### MATERIAL TO PROCESS
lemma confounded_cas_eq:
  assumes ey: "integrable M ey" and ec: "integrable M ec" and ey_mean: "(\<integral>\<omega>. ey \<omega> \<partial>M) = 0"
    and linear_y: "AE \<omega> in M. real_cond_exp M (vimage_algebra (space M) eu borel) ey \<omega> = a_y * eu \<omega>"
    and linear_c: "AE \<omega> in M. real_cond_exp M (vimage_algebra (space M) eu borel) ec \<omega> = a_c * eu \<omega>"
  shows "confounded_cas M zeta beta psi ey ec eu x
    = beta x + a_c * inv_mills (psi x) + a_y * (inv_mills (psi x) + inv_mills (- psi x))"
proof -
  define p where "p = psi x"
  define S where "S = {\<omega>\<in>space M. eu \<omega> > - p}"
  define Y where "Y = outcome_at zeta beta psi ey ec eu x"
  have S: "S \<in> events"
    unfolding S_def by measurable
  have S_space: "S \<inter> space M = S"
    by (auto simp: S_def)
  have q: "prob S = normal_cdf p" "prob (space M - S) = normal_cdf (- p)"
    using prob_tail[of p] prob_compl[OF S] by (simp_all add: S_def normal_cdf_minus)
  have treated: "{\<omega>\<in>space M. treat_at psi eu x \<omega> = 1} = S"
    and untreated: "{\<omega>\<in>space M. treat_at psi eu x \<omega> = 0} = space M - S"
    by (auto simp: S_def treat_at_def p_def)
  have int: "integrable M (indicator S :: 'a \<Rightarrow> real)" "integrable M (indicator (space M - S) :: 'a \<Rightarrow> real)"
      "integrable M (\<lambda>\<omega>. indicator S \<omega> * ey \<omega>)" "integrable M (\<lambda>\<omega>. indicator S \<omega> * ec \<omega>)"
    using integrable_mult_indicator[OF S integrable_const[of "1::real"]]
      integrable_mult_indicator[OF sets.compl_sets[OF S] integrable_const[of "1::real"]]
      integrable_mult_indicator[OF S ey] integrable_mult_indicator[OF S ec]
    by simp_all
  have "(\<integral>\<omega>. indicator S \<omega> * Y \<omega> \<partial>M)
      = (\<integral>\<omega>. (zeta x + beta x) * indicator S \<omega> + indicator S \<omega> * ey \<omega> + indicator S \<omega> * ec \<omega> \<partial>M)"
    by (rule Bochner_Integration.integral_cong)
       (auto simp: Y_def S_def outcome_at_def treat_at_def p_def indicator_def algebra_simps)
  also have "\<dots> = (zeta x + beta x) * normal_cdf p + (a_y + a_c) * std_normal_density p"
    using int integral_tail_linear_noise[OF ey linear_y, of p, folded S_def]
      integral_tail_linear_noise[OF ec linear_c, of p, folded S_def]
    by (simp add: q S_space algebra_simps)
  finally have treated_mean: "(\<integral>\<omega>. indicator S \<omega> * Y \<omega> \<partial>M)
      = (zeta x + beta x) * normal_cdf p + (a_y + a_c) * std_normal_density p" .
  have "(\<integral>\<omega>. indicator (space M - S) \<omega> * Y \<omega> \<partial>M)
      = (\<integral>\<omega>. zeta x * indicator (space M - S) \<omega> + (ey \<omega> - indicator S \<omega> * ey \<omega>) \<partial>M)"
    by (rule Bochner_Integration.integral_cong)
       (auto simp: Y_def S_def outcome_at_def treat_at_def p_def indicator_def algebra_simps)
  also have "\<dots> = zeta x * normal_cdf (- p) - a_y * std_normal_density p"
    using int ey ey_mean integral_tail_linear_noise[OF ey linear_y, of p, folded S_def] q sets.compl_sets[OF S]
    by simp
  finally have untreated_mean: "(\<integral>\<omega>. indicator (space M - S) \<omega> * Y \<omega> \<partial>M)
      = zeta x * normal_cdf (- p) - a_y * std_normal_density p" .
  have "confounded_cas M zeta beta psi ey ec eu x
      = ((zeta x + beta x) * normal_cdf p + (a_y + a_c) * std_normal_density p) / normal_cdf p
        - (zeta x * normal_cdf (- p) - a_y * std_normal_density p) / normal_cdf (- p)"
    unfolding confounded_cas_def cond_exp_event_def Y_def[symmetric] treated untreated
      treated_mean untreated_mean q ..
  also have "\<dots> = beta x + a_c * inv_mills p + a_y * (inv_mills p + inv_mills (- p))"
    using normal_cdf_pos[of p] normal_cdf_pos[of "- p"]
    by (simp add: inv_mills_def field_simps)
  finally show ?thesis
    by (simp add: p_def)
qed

### HOW TO COMPLETE THIS TASK
Copy out the records shown above, every one, exactly.

### RESULT BELOW
lemma confounded_cas_eq:
  assumes ey: "integrable M ey" and ec: "integrable M ec" and ey_mean: "(\<integral>\<omega>. ey \<omega> \<partial>M) = 0"
    and linear_y: "AE \<omega> in M. real_cond_exp M (vimage_algebra (space M) eu borel) ey \<omega> = a_y * eu \<omega>"
    and linear_c: "AE \<omega> in M. real_cond_exp M (vimage_algebra (space M) eu borel) ec \<omega> = a_c * eu \<omega>"
  shows "confounded_cas M zeta beta psi ey ec eu x
    = beta x + a_c * inv_mills (psi x) + a_y * (inv_mills (psi x) + inv_mills (- psi x))"
proof -
  define p where "p = psi x"
  define S where "S = {\<omega>\<in>space M. eu \<omega> > - p}"
  define Y where "Y = outcome_at zeta beta psi ey ec eu x"
  have S: "S \<in> events"
    unfolding S_def by measurable
  have S_space: "S \<inter> space M = S"
    by (auto simp: S_def)
  have q: "prob S = normal_cdf p" "prob (space M - S) = normal_cdf (- p)"
    using prob_tail[of p] prob_compl[OF S] by (simp_all add: S_def normal_cdf_minus)
  have treated: "{\<omega>\<in>space M. treat_at psi eu x \<omega> = 1} = S"
    and untreated: "{\<omega>\<in>space M. treat_at psi eu x \<omega> = 0} = space M - S"
    by (auto simp: S_def treat_at_def p_def)
  have int: "integrable M (indicator S :: 'a \<Rightarrow> real)" "integrable M (indicator (space M - S) :: 'a \<Rightarrow> real)"
      "integrable M (\<lambda>\<omega>. indicator S \<omega> * ey \<omega>)" "integrable M (\<lambda>\<omega>. indicator S \<omega> * ec \<omega>)"
    using integrable_mult_indicator[OF S integrable_const[of "1::real"]]
      integrable_mult_indicator[OF sets.compl_sets[OF S] integrable_const[of "1::real"]]
      integrable_mult_indicator[OF S ey] integrable_mult_indicator[OF S ec]
    by simp_all
  have "(\<integral>\<omega>. indicator S \<omega> * Y \<omega> \<partial>M)
      = (\<integral>\<omega>. (zeta x + beta x) * indicator S \<omega> + indicator S \<omega> * ey \<omega> + indicator S \<omega> * ec \<omega> \<partial>M)"
    by (rule Bochner_Integration.integral_cong)
       (auto simp: Y_def S_def outcome_at_def treat_at_def p_def indicator_def algebra_simps)
  also have "\<dots> = (zeta x + beta x) * normal_cdf p + (a_y + a_c) * std_normal_density p"
    using int integral_tail_linear_noise[OF ey linear_y, of p, folded S_def]
      integral_tail_linear_noise[OF ec linear_c, of p, folded S_def]
    by (simp add: q S_space algebra_simps)
  finally have treated_mean: "(\<integral>\<omega>. indicator S \<omega> * Y \<omega> \<partial>M)
      = (zeta x + beta x) * normal_cdf p + (a_y + a_c) * std_normal_density p" .
  have "(\<integral>\<omega>. indicator (space M - S) \<omega> * Y \<omega> \<partial>M)
      = (\<integral>\<omega>. zeta x * indicator (space M - S) \<omega> + (ey \<omega> - indicator S \<omega> * ey \<omega>) \<partial>M)"
    by (rule Bochner_Integration.integral_cong)
       (auto simp: Y_def S_def outcome_at_def treat_at_def p_def indicator_def algebra_simps)
  also have "\<dots> = zeta x * normal_cdf (- p) - a_y * std_normal_density p"
    using int ey ey_mean integral_tail_linear_noise[OF ey linear_y, of p, folded S_def] q sets.compl_sets[OF S]
    by simp
  finally have untreated_mean: "(\<integral>\<omega>. indicator (space M - S) \<omega> * Y \<omega> \<partial>M)
      = zeta x * normal_cdf (- p) - a_y * std_normal_density p" .
  have "confounded_cas M zeta beta psi ey ec eu x
      = ((zeta x + beta x) * normal_cdf p + (a_y + a_c) * std_normal_density p) / normal_cdf p
        - (zeta x * normal_cdf (- p) - a_y * std_normal_density p) / normal_cdf (- p)"
    unfolding confounded_cas_def cond_exp_event_def Y_def[symmetric] treated untreated
      treated_mean untreated_mean q ..
  also have "\<dots> = beta x + a_c * inv_mills p + a_y * (inv_mills p + inv_mills (- p))"
    using normal_cdf_pos[of p] normal_cdf_pos[of "- p"]
    by (simp add: inv_mills_def field_simps)
  finally show ?thesis
    by (simp add: p_def)
qed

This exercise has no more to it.